Where the material below has a line containing "finally show ?thesis .", start repeating exactly, and keep going through the line containing "unfolding cube_sum_def by (rule", with no other lines.

# # # #

section \<open>The expected number of cells in C_b\<close>

lemma expected_cell_indicator:
  assumes "c \<in> cells d"
  shows "measure_pmf.expectation (sample d k) (\<lambda>w. of_bool (c \<in> Cb d k w))
     = (\<Sum>J\<in>Pow {1, 2, 3, 4}. (-1) ^ card J * miss_prob d k
          (if J = {} then 0 else 1 + (\<Sum>a\<in>J. rho d (ray_offset (cell_ray d c a))) - real (card J)))"
proof -
  let ?L = "\<lambda>a. ray_cells d (cell_ray d c a)"
  have nonempty: "cells d \<noteq> {}"
    using assms by auto
  have indicator: "(\<lambda>w. of_bool (c \<in> Cb d k w))
      = (\<lambda>w. \<Sum>J\<in>Pow {1, 2, 3, 4}. (-1) ^ card J * avoids k (\<Union>a\<in>J. ?L a) w)"
    using of_bool_all_hit_inclusion_exclusion[of "{1, 2, 3, 4}" k _ ?L]
    by (simp add: Cb_iff_all_rays_hit[OF assms])
  have union_term: "measure_pmf.expectation (sample d k) (avoids k (\<Union>a\<in>J. ?L a))
      = miss_prob d k (real (card (\<Union>a\<in>J. ?L a)))" for J
  proof -
    have "(\<Union>a\<in>J. ?L a) \<subseteq> cells d"
      using ray_cells_subset by blast
    then show ?thesis
      using expectation_avoids[OF finite_cells nonempty, of _ k "(0, 0, 0)"]
      by (simp add: sample_def miss_prob_def card_cells)
  qed
  show ?thesis
    unfolding indicator
    by (simp add: integrable_sample[OF nonempty] union_term card_cell_rays_union[OF assms])
qed

text \<open>Sum over all cells of the probability that the rays of the families in J through the
  cell are all missed.\<close>
definition miss_sum :: "nat \<Rightarrow> nat \<Rightarrow> nat set \<Rightarrow> real" where
  "miss_sum d k J = (\<Sum>c\<in>cells d. miss_prob d k
     (if J = {} then 0 else 1 + (\<Sum>a\<in>J. rho d (ray_offset (cell_ray d c a))) - real (card J)))"

text \<open>Linearity of expectation over the cells turns the per-cell formula into the signed sum
  of miss sums.\<close>
lemma expected_card_Cb_miss_sums:
  assumes "d \<ge> 1"
  shows "measure_pmf.expectation (sample d k) (\<lambda>w. real (card (Cb d k w)))
           = (\<Sum>J\<in>Pow {1, 2, 3, 4}. (-1) ^ card J * miss_sum d k J)"
proof -
  have nonempty: "cells d \<noteq> {}"
    using assms by (auto simp: cells_def)
  have card_as_sum: "real (card (Cb d k w)) = (\<Sum>c\<in>cells d. of_bool (c \<in> Cb d k w))" for w
  proof -
    have "Cb d k w \<subseteq> cells d"
      unfolding Cb_def nbhd_def using ray_cells_subset by blast
    then show ?thesis
      by (simp add: finite_cells Int_absorb1)
  qed
  have "measure_pmf.expectation (sample d k) (\<lambda>w. real (card (Cb d k w)))
      = (\<Sum>c\<in>cells d. measure_pmf.expectation (sample d k) (\<lambda>w. of_bool (c \<in> Cb d k w)))"
    unfolding card_as_sum by (rule Bochner_Integration.integral_sum) (rule integrable_sample[OF nonempty])
  also have "\<dots> = (\<Sum>J\<in>Pow {1, 2, 3, 4}. (-1) ^ card J * miss_sum d k J)"
    by (simp add: expected_cell_indicator miss_sum_def sum_distrib_left sum.swap[of _ "cells d"])
  finally show ?thesis .
qed

section \<open>Evaluating the miss sums\<close>

definition cube_sum :: "nat \<Rightarrow> (int \<Rightarrow> int \<Rightarrow> int \<Rightarrow> real) \<Rightarrow> real" where
  "cube_sum d f = (\<Sum>i=1..int d. \<Sum>j=1..int d. \<Sum>l=1..int d. f i j l)"

lemma cube_sum_add: "cube_sum d (\<lambda>i j l. f i j l + g i j l) = cube_sum d f + cube_sum d g"
  by (simp add: cube_sum_def sum.distrib)

lemma cube_sum_cong:
  assumes "\<And>i j l. i \<in> {1..int d} \<Longrightarrow> j \<in> {1..int d} \<Longrightarrow> l \<in> {1..int d} \<Longrightarrow> f i j l = g i j l"
  shows "cube_sum d f = cube_sum d g"
  unfolding cube_sum_def using assms by (intro sum.cong refl) auto

lemma cube_sum_reflect_i: "cube_sum d f = cube_sum d (\<lambda>i j l. f (1 + int d - i) j l)"
  unfolding cube_sum_def by (rule sum_reflect_int)

lemma cube_sum_reflect_j: "cube_sum d f = cube_sum d (\<lambda>i j l. f i (1 + int d - j) l)"
  unfolding cube_sum_def by (intro sum.cong refl sum_reflect_int)

lemma cube_sum_reflect_l: "cube_sum d f = cube_sum d (\<lambda>i j l. f i j (1 + int d - l))"
  unfolding cube_sum_def by (intro sum.cong refl sum_reflect_int)

lemma cube_sum_indep_j: "cube_sum d (\<lambda>i j l. f i l) = real d * (\<Sum>i=1..int d. \<Sum>l=1..int d. f i l)"
  by (simp add: cube_sum_def sum_distrib_left)

lemma cube_sum_indep_i: "cube_sum d (\<lambda>i j l. f j l) = real d * (\<Sum>i=1..int d. \<Sum>l=1..int d. f i l)"
  by (simp add: cube_sum_def)

text \<open>A nonempty miss sum in coordinates; with explicit J the simplifier evaluates the ray
  offsets to the arguments appearing in F2, F3, F4.\<close>
lemma miss_sum_cube_sum:
  assumes "J \<noteq> {}"
  shows "miss_sum d k J = cube_sum d (\<lambda>i j l. miss_prob d k
     (1 + (\<Sum>a\<in>J. rho d (ray_offset (cell_ray d (i, j, l) a))) - real (card J)))"
  using assms by (simp add: miss_sum_def cells_def cube_sum_def sum.cartesian_product)

lemma rho_minus_commute: "rho d (a - b) = rho d (b - a)"
  by (simp add: rho_def abs_minus_commute)

lemma F2_miss_prob: "F2 d k a b = miss_prob d k (rho d a + rho d b - 1)"
  by (simp add: F2_def miss_prob_def)

lemma F3_miss_prob: "F3 d k a b c = miss_prob d k (rho d a + rho d b + rho d c - 2)"
  by (simp add: F3_def miss_prob_def)

lemma F4_miss_prob: "F4 d k a b c e = miss_prob d k (rho d a + rho d b + rho d c + rho d e - 3)"
  by (simp add: F4_def miss_prob_def)

lemma miss_sum_empty: "miss_sum d k {} = real d ^ 3"
  by (simp add: miss_sum_def miss_prob_def card_cells)

text \<open>Single rays: all four families give d times the antidiagonal sum of the square.\<close>
lemma miss_sums_single:
  assumes "d \<ge> 1"
  shows "miss_sum d k {1} + miss_sum d k {2} + miss_sum d k {3} + miss_sum d k {4} = NC1 d k"
proof -
  define K where "K = (\<Sum>i=1..int d. \<Sum>l=1..int d. miss_prob d k (rho d (i + l - 1 - int d)))"
  have single1: "miss_sum d k {1} = cube_sum d (\<lambda>i j l. miss_prob d k (rho d (i + l - 1 - int d)))"
    by (simp add: miss_sum_cube_sum cell_ray_def ray_offset_def)
  have single2: "miss_sum d k {2} = cube_sum d (\<lambda>i j l. miss_prob d k (rho d (i + l - 1 - int d)))"
    by (simp add: miss_sum_cube_sum cell_ray_def ray_offset_def)
       (subst cube_sum_reflect_l, simp add: algebra_simps)
  have single3: "miss_sum d k {3} = cube_sum d (\<lambda>i j l. miss_prob d k (rho d (j + l - 1 - int d)))"
    by (simp add: miss_sum_cube_sum cell_ray_def ray_offset_def)
  have single4: "miss_sum d k {4} = cube_sum d (\<lambda>i j l. miss_prob d k (rho d (j + l - 1 - int d)))"
    by (simp add: miss_sum_cube_sum cell_ray_def ray_offset_def)
       (subst cube_sum_reflect_l, simp add: algebra_simps)
  have "miss_sum d k {1} + miss_sum d k {2} + miss_sum d k {3} + miss_sum d k {4} = 4 * real d * K"
    unfolding single1 single2 single3 single4 cube_sum_indep_i cube_sum_indep_j K_def by simp
  moreover have "K = real d * (1 - 1 / real d ^ 2) ^ k
            + 2 * (\<Sum>s = 1..int d - 1. real_of_int s * (1 - real_of_int s / real d ^ 3) ^ k)"
    using sum_square_antidiagonal_rho[OF assms, of "miss_prob d k"] assms
    by (simp add: K_def miss_prob_def power2_eq_square power3_eq_cube)
  ultimately show ?thesis
    by (simp add: NC1_def)
qed

text \<open>Pairs of rays: the pairs {1,2}, {3,4} (one coordinate plane) and the four mixed pairs,
  which the reflections carry to the pair {2,4}.\<close>
lemma miss_sums_pairs:
  "miss_sum d k {1, 2} + miss_sum d k {1, 3} + miss_sum d k {1, 4}
     + miss_sum d k {2, 3} + miss_sum d k {2, 4} + miss_sum d k {3, 4} = NC2 d k"
proof -
  define P where "P = cube_sum d (\<lambda>i j l. F2 d k (l - i) (l - j))"
  define Q where "Q = (\<Sum>i=1..int d. \<Sum>l=1..int d. F2 d k (l + i - 1 - int d) (i - l))"
  have "miss_sum d k {1, 2} = cube_sum d (\<lambda>i j l. F2 d k (l + i - 1 - int d) (i - l))"
    by (simp add: miss_sum_cube_sum cell_ray_def ray_offset_def)
       (rule cube_sum_cong, simp add: F2_miss_prob algebra_simps)
  then have pair12: "miss_sum d k {1, 2} = real d * Q"
    by (simp add: cube_sum_indep_j Q_def)
  have "miss_sum d k {3, 4} = cube_sum d (\<lambda>i j l. F2 d k (l + j - 1 - int d) (j - l))"
    by (simp add: miss_sum_cube_sum cell_ray_def ray_offset_def)
       (rule cube_sum_cong, simp add: F2_miss_prob algebra_simps)
  then have pair34: "miss_sum d k {3, 4} = real d * Q"
    by (simp add: cube_sum_indep_i Q_def)
  have pair13: "miss_sum d k {1, 3} = P"
    unfolding P_def
    by (simp add: miss_sum_cube_sum cell_ray_def ray_offset_def)
       (subst cube_sum_reflect_l, rule cube_sum_cong,
        simp add: F2_miss_prob algebra_simps rho_minus_commute)
  have pair14: "miss_sum d k {1, 4} = P"
    unfolding P_def
    by (simp add: miss_sum_cube_sum cell_ray_def ray_offset_def)
       (subst cube_sum_reflect_i, rule cube_sum_cong,
        simp add: F2_miss_prob algebra_simps rho_minus_commute)
  have pair23: "miss_sum d k {2, 3} = P"
    unfolding P_def
    by (simp add: miss_sum_cube_sum cell_ray_def ray_offset_def)
       (subst cube_sum_reflect_j, rule cube_sum_cong,
        simp add: F2_miss_prob algebra_simps rho_minus_commute)
  have pair24: "miss_sum d k {2, 4} = P"
    unfolding P_def
    by (simp add: miss_sum_cube_sum cell_ray_def ray_offset_def)
       (rule cube_sum_cong, simp add: F2_miss_prob algebra_simps rho_minus_commute)
  show ?thesis
    unfolding pair12 pair13 pair14 pair23 pair24 pair34 NC2_def P_def Q_def cube_sum_def by simp
qed

text \<open>Triples of rays: reflections carry {1,2,3} to {1,2,4} and {1,3,4} to {2,3,4}.\<close>
lemma miss_sums_triples:
  "miss_sum d k {1, 2, 3} + miss_sum d k {1, 2, 4} + miss_sum d k {1, 3, 4}
     + miss_sum d k {2, 3, 4} = NC3 d k"
proof -
  define A where "A = cube_sum d (\<lambda>i j l. F3 d k (l + i - 1 - int d) (l - i) (l - j))"
  define B where "B = cube_sum d (\<lambda>i j l. F3 d k (l - i) (l - j) (l + j - 1 - int d))"
  have triple123: "miss_sum d k {1, 2, 3} = A"
    unfolding A_def
    by (simp add: miss_sum_cube_sum cell_ray_def ray_offset_def)
       (subst cube_sum_reflect_j, rule cube_sum_cong,
        simp add: F3_miss_prob algebra_simps rho_minus_commute)
  have triple124: "miss_sum d k {1, 2, 4} = A"
    unfolding A_def
    by (simp add: miss_sum_cube_sum cell_ray_def ray_offset_def)
       (rule cube_sum_cong, simp add: F3_miss_prob algebra_simps rho_minus_commute)
  have triple134: "miss_sum d k {1, 3, 4} = B"
    unfolding B_def
    by (simp add: miss_sum_cube_sum cell_ray_def ray_offset_def)
       (subst cube_sum_reflect_i, rule cube_sum_cong,
        simp add: F3_miss_prob algebra_simps rho_minus_commute)
  have triple234: "miss_sum d k {2, 3, 4} = B"
    unfolding B_def
    by (simp add: miss_sum_cube_sum cell_ray_def ray_offset_def)
       (rule cube_sum_cong, simp add: F3_miss_prob algebra_simps rho_minus_commute)
  have "NC3 d k = 2 * (A + B)"
    by (simp add: NC3_def A_def B_def flip: cube_sum_def cube_sum_add)
  then show ?thesis
    unfolding triple123 triple124 triple134 triple234 by simp
qed

lemma miss_sum_all: "miss_sum d k {1, 2, 3, 4} = NC4 d k"
  unfolding NC4_def
  by (simp add: miss_sum_cube_sum cell_ray_def ray_offset_def flip: cube_sum_def)
     (rule cube_sum_cong, simp add: F4_miss_prob algebra_simps rho_minus_commute)

theorem proposition4p2:
  fixes d k :: nat
  assumes "d \<ge> 2"
  shows "measure_pmf.expectation (sample d k) (\<lambda>w. real (card (Cb d k w)))
         = real d ^ 3 - NC1 d k + NC2 d k - NC3 d k + NC4 d k"
proof -
  have d: "d \<ge> 1"
    using assms by simp
  show ?thesis
    unfolding expected_card_Cb_miss_sums[OF d] signed_sum_Pow_four miss_sum_empty
      miss_sums_single[OF d, symmetric] miss_sums_pairs[symmetric]
      miss_sums_triples[symmetric] miss_sum_all[symmetric]
    by simp
qed

end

# # # #

RESULT>
  finally show ?thesis .
qed

section \<open>Evaluating the miss sums\<close>

definition cube_sum :: "nat \<Rightarrow> (int \<Rightarrow> int \<Rightarrow> int \<Rightarrow> real) \<Rightarrow> real" where
  "cube_sum d f = (\<Sum>i=1..int d. \<Sum>j=1..int d. \<Sum>l=1..int d. f i j l)"

lemma cube_sum_add: "cube_sum d (\<lambda>i j l. f i j l + g i j l) = cube_sum d f + cube_sum d g"
  by (simp add: cube_sum_def sum.distrib)

lemma cube_sum_cong:
  assumes "\<And>i j l. i \<in> {1..int d} \<Longrightarrow> j \<in> {1..int d} \<Longrightarrow> l \<in> {1..int d} \<Longrightarrow> f i j l = g i j l"
  shows "cube_sum d f = cube_sum d g"
  unfolding cube_sum_def using assms by (intro sum.cong refl) auto

lemma cube_sum_reflect_i: "cube_sum d f = cube_sum d (\<lambda>i j l. f (1 + int d - i) j l)"
  unfolding cube_sum_def by (rule sum_reflect_int)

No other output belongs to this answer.